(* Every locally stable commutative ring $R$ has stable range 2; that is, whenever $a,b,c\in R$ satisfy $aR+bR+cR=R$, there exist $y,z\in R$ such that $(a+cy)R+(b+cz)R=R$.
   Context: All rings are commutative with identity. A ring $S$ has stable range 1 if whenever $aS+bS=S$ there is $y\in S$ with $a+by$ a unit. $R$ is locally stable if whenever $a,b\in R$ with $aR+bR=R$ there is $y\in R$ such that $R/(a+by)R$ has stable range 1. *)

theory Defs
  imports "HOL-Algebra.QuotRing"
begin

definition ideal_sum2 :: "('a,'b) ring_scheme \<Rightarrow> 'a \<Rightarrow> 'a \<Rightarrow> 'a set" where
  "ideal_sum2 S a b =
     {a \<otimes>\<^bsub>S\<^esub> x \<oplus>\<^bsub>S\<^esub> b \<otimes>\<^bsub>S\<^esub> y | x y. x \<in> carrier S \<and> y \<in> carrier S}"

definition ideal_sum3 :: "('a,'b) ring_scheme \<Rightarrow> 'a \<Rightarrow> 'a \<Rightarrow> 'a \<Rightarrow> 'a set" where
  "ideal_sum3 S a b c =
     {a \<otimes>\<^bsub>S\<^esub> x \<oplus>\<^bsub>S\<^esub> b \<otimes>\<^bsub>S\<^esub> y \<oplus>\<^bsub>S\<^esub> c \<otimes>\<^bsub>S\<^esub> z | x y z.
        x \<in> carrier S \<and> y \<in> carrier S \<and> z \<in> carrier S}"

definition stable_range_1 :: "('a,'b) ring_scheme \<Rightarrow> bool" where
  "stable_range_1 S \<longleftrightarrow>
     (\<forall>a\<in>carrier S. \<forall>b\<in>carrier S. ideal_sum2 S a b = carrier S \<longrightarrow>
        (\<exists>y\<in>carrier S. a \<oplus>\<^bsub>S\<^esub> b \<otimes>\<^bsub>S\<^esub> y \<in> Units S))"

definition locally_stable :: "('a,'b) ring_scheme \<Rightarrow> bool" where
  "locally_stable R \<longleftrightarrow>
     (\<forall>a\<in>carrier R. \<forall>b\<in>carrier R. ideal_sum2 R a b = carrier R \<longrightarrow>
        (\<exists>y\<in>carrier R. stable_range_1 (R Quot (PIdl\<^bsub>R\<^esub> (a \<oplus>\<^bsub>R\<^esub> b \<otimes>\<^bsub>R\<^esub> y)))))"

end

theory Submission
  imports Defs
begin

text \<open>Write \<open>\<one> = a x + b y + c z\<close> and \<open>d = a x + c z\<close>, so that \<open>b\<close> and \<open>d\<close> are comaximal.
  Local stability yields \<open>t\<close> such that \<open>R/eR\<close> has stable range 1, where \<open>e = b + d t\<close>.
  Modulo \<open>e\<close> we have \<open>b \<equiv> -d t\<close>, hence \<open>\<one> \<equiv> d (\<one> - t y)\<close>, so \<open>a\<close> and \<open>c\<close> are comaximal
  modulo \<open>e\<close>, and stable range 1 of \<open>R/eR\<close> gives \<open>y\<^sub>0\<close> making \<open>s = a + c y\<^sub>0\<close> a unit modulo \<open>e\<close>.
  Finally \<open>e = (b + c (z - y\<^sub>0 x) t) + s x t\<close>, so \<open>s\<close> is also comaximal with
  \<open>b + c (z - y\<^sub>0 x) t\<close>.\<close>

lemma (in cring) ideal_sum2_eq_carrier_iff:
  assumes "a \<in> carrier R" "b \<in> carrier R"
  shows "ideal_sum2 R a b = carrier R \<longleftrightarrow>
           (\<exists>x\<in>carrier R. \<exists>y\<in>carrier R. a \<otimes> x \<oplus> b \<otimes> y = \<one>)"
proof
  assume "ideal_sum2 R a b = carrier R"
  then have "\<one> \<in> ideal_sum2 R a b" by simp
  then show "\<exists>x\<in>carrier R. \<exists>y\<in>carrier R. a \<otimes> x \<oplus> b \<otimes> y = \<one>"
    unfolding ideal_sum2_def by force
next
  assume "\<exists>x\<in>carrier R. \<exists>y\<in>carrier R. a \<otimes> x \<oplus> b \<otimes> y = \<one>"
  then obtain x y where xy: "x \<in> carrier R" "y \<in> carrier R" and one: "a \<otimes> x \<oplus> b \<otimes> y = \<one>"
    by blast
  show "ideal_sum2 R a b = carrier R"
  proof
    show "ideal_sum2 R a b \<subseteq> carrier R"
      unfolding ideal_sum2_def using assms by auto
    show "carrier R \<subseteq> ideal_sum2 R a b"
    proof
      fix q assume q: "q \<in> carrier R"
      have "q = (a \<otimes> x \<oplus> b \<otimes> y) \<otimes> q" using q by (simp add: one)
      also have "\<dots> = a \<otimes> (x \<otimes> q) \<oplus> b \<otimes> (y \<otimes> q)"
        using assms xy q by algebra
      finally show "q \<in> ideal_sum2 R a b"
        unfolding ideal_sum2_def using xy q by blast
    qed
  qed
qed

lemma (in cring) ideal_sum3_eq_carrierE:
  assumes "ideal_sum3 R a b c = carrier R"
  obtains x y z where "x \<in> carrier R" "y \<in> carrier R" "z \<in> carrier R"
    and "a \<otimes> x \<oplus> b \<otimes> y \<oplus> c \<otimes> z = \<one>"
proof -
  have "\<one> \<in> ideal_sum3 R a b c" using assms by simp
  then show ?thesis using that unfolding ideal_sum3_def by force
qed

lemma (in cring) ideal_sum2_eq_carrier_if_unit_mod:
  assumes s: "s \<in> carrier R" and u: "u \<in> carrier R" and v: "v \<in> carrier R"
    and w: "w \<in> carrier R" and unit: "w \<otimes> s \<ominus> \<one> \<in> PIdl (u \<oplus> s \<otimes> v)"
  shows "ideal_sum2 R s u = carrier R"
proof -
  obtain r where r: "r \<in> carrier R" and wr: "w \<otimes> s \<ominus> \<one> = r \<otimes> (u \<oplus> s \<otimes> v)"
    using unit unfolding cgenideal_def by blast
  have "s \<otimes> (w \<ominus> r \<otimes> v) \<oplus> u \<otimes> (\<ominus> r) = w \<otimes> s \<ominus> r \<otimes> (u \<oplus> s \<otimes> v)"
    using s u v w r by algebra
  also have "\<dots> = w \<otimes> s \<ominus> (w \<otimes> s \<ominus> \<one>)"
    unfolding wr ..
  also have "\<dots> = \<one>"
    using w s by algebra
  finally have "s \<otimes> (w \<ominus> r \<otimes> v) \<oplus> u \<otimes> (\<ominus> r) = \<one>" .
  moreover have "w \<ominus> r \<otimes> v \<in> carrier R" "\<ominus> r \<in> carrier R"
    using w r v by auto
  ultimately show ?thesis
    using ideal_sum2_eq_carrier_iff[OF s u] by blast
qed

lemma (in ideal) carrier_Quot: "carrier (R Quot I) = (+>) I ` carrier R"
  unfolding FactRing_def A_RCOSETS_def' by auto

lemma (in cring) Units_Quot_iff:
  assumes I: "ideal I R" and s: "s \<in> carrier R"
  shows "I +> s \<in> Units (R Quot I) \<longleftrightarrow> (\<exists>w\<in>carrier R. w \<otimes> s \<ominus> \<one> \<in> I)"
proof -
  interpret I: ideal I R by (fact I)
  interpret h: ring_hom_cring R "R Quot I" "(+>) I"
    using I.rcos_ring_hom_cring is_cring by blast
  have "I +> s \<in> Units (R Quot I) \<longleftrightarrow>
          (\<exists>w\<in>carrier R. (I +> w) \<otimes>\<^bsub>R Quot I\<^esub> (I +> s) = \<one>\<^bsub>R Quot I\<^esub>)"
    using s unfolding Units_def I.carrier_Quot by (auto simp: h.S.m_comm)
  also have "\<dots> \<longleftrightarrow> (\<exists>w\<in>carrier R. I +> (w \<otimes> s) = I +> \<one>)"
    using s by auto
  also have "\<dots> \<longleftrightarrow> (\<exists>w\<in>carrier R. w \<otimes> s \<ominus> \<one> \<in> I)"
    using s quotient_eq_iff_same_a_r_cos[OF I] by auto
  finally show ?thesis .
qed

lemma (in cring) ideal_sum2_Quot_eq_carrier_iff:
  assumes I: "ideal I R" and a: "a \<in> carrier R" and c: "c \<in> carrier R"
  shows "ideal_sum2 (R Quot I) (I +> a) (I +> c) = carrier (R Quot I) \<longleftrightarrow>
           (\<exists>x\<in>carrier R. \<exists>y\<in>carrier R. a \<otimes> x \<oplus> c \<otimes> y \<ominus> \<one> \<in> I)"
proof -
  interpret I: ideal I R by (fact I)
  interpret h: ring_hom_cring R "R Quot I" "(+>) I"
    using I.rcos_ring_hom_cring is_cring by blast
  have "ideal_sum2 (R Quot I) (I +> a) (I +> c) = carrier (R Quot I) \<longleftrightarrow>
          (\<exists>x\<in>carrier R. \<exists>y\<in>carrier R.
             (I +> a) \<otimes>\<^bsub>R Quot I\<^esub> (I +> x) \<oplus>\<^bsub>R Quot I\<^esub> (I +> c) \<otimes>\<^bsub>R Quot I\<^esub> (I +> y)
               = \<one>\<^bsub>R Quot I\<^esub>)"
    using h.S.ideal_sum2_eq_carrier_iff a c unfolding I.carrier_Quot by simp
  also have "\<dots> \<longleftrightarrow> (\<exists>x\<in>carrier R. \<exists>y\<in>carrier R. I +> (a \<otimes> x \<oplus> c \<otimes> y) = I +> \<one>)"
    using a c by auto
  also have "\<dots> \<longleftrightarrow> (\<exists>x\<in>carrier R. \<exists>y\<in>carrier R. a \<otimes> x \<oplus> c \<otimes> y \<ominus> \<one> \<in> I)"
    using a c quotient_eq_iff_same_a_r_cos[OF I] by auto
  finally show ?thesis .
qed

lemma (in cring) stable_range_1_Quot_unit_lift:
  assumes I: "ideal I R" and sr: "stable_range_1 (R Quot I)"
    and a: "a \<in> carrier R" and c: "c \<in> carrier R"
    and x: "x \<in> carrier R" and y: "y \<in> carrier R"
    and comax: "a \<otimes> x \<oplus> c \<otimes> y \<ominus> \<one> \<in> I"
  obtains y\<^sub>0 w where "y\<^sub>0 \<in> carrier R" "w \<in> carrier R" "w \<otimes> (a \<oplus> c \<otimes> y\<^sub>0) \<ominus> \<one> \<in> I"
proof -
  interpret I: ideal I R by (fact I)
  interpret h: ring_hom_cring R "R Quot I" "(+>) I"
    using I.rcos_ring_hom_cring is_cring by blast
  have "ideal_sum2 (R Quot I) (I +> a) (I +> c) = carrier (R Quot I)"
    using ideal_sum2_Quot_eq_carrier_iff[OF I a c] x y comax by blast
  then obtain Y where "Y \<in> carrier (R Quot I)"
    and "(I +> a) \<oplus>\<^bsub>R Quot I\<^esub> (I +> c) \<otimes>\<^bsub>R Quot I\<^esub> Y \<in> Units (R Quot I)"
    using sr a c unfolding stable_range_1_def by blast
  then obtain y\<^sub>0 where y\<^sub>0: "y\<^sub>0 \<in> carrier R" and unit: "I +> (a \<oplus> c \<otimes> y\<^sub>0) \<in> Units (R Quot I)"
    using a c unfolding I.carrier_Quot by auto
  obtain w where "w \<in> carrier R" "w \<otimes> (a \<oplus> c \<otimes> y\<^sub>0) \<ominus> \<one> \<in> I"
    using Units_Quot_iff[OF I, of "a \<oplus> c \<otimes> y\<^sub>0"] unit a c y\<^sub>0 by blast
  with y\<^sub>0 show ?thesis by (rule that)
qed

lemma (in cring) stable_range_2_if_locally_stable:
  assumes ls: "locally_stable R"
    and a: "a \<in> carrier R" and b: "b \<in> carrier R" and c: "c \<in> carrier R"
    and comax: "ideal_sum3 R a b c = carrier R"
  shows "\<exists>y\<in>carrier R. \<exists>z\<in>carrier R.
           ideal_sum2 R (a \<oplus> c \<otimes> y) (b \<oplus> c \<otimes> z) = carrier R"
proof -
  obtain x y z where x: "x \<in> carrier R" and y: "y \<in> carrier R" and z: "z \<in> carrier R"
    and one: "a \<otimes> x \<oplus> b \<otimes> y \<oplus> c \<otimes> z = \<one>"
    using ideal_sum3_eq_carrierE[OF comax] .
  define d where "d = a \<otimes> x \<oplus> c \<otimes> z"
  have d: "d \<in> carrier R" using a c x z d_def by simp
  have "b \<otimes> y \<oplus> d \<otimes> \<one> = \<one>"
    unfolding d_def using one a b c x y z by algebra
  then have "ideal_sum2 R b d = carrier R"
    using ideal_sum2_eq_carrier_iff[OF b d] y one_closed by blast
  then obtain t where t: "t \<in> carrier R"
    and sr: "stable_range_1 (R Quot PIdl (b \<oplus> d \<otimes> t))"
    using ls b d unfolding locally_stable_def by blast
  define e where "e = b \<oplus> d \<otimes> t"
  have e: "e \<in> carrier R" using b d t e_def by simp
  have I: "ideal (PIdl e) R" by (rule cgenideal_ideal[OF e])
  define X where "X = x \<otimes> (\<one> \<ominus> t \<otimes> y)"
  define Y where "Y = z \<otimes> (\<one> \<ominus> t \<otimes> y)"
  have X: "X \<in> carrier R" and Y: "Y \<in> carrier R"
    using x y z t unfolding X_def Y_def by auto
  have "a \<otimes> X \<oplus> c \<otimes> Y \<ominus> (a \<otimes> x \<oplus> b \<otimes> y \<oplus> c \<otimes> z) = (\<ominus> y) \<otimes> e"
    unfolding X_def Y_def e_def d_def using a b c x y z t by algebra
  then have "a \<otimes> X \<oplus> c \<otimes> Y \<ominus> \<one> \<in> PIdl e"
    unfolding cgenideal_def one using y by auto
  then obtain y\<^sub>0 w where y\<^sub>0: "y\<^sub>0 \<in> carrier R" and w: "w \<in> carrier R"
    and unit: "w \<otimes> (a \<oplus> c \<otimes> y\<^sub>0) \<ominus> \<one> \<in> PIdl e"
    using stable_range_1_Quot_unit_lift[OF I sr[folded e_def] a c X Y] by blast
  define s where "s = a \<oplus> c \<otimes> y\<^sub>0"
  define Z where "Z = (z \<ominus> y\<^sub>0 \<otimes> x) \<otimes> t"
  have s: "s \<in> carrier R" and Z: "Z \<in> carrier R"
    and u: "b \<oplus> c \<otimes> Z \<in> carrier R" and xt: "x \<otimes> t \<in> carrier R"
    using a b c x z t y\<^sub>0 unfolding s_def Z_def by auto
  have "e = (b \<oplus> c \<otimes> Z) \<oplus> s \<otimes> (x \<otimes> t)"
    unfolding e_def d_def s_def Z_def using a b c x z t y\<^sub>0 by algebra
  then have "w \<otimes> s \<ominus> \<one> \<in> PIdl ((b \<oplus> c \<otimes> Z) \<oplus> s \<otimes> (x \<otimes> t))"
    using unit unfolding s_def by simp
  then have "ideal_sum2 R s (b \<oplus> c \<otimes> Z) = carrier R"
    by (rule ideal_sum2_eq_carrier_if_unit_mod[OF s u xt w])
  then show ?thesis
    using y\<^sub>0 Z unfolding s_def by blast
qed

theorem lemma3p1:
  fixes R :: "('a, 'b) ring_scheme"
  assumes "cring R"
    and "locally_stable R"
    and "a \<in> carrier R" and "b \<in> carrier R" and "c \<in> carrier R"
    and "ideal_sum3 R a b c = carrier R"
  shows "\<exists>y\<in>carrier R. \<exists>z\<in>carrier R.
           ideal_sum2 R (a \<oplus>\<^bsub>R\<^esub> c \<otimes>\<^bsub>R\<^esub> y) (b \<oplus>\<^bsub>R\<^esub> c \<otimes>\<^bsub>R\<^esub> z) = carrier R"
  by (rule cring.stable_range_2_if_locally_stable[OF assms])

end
= = = = = = =
» Required work:
Please copy out each line in the entries that mentions the string "thesis".

» Worked solution:
  then show ?thesis using that unfolding ideal_sum3_def by force
  ultimately show ?thesis
  finally show ?thesis .
  finally show ?thesis .
  with y\<^sub>0 show ?thesis by (rule that)
  then show ?thesis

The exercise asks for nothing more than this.